### [TASK GOAL]
Your response must be made up of each line in the data below that contains the string "hcat".

### [GIVEN INFORMATION]
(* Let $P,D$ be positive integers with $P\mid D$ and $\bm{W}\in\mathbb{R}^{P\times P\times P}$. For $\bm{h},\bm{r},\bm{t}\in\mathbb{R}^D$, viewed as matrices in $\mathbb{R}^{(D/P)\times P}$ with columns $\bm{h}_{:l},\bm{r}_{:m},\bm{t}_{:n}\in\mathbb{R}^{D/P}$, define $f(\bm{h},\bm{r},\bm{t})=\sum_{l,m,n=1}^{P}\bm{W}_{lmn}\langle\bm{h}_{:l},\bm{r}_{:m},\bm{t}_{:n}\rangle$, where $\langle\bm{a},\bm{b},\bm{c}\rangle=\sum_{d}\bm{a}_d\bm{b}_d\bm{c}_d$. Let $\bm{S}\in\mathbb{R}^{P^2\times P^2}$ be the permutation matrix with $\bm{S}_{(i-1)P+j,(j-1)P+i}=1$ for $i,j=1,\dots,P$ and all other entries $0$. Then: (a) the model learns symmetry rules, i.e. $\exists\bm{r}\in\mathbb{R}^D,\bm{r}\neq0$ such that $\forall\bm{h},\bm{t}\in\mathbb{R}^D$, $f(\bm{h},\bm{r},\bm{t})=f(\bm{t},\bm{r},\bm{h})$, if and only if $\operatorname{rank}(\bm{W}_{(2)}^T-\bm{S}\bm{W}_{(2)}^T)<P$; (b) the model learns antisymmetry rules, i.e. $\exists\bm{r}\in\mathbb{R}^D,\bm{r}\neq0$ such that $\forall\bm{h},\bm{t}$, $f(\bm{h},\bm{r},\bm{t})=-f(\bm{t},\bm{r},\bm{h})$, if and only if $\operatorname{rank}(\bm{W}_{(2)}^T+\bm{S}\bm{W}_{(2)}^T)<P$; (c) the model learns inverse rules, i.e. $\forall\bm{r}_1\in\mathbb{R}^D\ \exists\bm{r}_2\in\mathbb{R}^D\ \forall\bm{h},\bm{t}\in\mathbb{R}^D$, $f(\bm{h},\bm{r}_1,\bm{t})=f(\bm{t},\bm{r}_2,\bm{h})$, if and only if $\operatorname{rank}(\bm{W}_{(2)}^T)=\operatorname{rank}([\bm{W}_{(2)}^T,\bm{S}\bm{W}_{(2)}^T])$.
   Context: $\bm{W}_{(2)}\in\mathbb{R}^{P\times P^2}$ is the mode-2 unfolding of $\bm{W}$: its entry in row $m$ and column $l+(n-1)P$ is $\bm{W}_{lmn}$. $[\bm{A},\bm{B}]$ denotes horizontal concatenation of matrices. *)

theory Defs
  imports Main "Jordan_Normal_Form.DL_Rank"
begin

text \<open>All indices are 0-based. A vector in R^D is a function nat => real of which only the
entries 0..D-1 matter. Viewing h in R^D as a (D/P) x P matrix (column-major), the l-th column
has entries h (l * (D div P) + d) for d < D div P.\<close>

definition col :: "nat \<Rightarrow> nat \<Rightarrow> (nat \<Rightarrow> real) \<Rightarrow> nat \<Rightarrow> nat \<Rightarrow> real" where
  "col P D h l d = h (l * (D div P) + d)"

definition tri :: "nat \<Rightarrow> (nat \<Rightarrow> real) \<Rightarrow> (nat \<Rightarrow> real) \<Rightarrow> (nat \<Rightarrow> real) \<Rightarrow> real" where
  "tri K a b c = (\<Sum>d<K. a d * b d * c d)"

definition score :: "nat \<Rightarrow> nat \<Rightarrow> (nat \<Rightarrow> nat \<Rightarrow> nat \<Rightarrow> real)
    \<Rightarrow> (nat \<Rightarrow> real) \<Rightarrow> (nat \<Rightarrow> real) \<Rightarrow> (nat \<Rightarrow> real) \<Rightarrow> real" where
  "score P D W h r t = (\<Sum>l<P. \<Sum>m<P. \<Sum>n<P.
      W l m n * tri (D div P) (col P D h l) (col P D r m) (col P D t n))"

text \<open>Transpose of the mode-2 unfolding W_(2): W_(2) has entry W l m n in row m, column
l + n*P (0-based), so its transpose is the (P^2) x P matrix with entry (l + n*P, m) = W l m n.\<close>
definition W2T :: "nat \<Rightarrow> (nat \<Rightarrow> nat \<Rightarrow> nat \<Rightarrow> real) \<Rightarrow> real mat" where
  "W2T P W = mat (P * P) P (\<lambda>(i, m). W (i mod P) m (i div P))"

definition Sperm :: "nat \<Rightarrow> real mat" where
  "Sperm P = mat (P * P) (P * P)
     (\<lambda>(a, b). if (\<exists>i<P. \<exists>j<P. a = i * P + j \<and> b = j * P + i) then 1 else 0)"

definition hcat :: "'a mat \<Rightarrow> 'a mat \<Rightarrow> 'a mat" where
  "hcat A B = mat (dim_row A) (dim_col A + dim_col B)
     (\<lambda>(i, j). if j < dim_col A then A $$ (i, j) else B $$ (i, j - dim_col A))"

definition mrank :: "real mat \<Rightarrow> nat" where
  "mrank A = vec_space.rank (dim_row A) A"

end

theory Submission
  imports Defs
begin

...

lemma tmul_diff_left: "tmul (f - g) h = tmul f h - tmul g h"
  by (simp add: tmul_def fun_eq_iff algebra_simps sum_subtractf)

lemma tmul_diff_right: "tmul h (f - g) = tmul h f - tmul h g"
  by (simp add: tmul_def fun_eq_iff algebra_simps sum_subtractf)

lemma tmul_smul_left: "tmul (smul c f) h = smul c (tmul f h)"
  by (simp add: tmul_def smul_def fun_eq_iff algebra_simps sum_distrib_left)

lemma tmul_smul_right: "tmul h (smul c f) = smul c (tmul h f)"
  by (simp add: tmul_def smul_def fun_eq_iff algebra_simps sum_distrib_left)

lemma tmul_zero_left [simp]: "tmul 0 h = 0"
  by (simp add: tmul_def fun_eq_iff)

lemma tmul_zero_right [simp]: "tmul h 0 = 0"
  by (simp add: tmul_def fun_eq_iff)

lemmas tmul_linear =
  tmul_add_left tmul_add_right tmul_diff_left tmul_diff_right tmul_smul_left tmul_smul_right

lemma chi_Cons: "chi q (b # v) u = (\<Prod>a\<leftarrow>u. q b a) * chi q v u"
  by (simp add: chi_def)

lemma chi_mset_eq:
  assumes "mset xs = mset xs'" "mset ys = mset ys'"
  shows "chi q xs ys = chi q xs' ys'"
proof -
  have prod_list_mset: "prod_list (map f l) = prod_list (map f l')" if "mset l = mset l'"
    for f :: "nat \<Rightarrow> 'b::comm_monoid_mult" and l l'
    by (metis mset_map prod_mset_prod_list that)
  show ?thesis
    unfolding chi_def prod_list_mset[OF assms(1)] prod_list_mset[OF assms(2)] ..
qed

### [EXPECTED ANSWER]
definition hcat :: "'a mat \<Rightarrow> 'a mat \<Rightarrow> 'a mat" where
  "hcat A B = mat (dim_row A) (dim_col A + dim_col B)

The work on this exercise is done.